Start of Block

theorem lemma4p4:
  fixes n i :: nat and \<alpha> \<beta> :: real
  assumes "1 \<le> n" and "i \<le> n - 1"
    and "real n + \<alpha> + 1 \<notin> \<int>\<^sub>\<le>\<^sub>0"
    and "real n + \<beta> + 1 \<notin> \<int>\<^sub>\<le>\<^sub>0"
    and "real n + \<alpha> + \<beta> + 1 \<notin> \<int>\<^sub>\<le>\<^sub>0"
    and "\<And>k. k \<le> i \<Longrightarrow> real n + real k + \<alpha> + \<beta> + 2 \<notin> \<int>\<^sub>\<le>\<^sub>0"
  shows "\<forall>t\<in>{-1<..<1::real}.
    ((\<lambda>s. - (\<Sum>k=0..i. 2^(k+1) * Gamma (real n + \<alpha> + \<beta> + 1) / Gamma (real n + real k + \<alpha> + \<beta> + 2)
              * s^(i - k) / fact (i - k)
              * jacobi_fun (n - 1 - k) (\<alpha> + 1 + real k) (\<beta> + 1 + real k) s))
      has_real_derivative (t^i / fact i * jacobi_fun n \<alpha> \<beta> t)) (at t)"
proof
  fix t :: real assume t: "t \<in> {-1<..<1}"
  define G where "G = Gamma (real n + \<alpha> + \<beta> + 1)"
  define T where "T k = jacobi_moment_term n i \<alpha> \<beta> k t" for k
  have nonpole: "real n + real k + \<alpha> + \<beta> + 1 \<notin> \<int>\<^sub>\<le>\<^sub>0" if "k \<le> i" for k
    using that assms(5) assms(6)[of "k - 1"] by (cases k) (auto simp: add_ac)
  have "((\<lambda>s. - (\<Sum>k=0..i. G * (2^(k + 1) / Gamma (real n + real k + \<alpha> + \<beta> + 2) * s^(i - k) / fact (i - k)
                * jacobi_fun (n - 1 - k) (\<alpha> + 1 + real k) (\<beta> + 1 + real k) s)))
        has_real_derivative - (\<Sum>k=0..i. G * (T (Suc k) - T k))) (at t)"
    using assms(1,2) unfolding T_def
    by (intro DERIV_minus DERIV_sum DERIV_cmult has_real_derivative_jacobi_moment_summand t nonpole) auto
  moreover have "(\<Sum>k=0..i. G * (T (Suc k) - T k)) = G * (T (Suc i) - T 0)"
    unfolding sum_distrib_left[symmetric] by (subst sum_Suc_diff) simp_all
  moreover have "G * T 0 = t^i / fact i * jacobi_fun n \<alpha> \<beta> t" "T (Suc i) = 0"
    using Gamma_nonzero[OF assms(5)] by (simp_all add: T_def jacobi_moment_term_def G_def)
  ultimately show "((\<lambda>s. - (\<Sum>k=0..i. 2^(k+1) * Gamma (real n + \<alpha> + \<beta> + 1) / Gamma (real n + real k + \<alpha> + \<beta> + 2)
              * s^(i - k) / fact (i - k)
              * jacobi_fun (n - 1 - k) (\<alpha> + 1 + real k) (\<beta> + 1 + real k) s))
      has_real_derivative (t^i / fact i * jacobi_fun n \<alpha> \<beta> t)) (at t)"
    by (simp add: G_def mult_ac)
qed

end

End of Block

» Assignment
Return only the lines from the beginning of the material up to and including the line with "n + \<beta>", exactly as written.

» Written response
theorem lemma4p4:
  fixes n i :: nat and \<alpha> \<beta> :: real
  assumes "1 \<le> n" and "i \<le> n - 1"
    and "real n + \<alpha> + 1 \<notin> \<int>\<^sub>\<le>\<^sub>0"
    and "real n + \<beta> + 1 \<notin> \<int>\<^sub>\<le>\<^sub>0"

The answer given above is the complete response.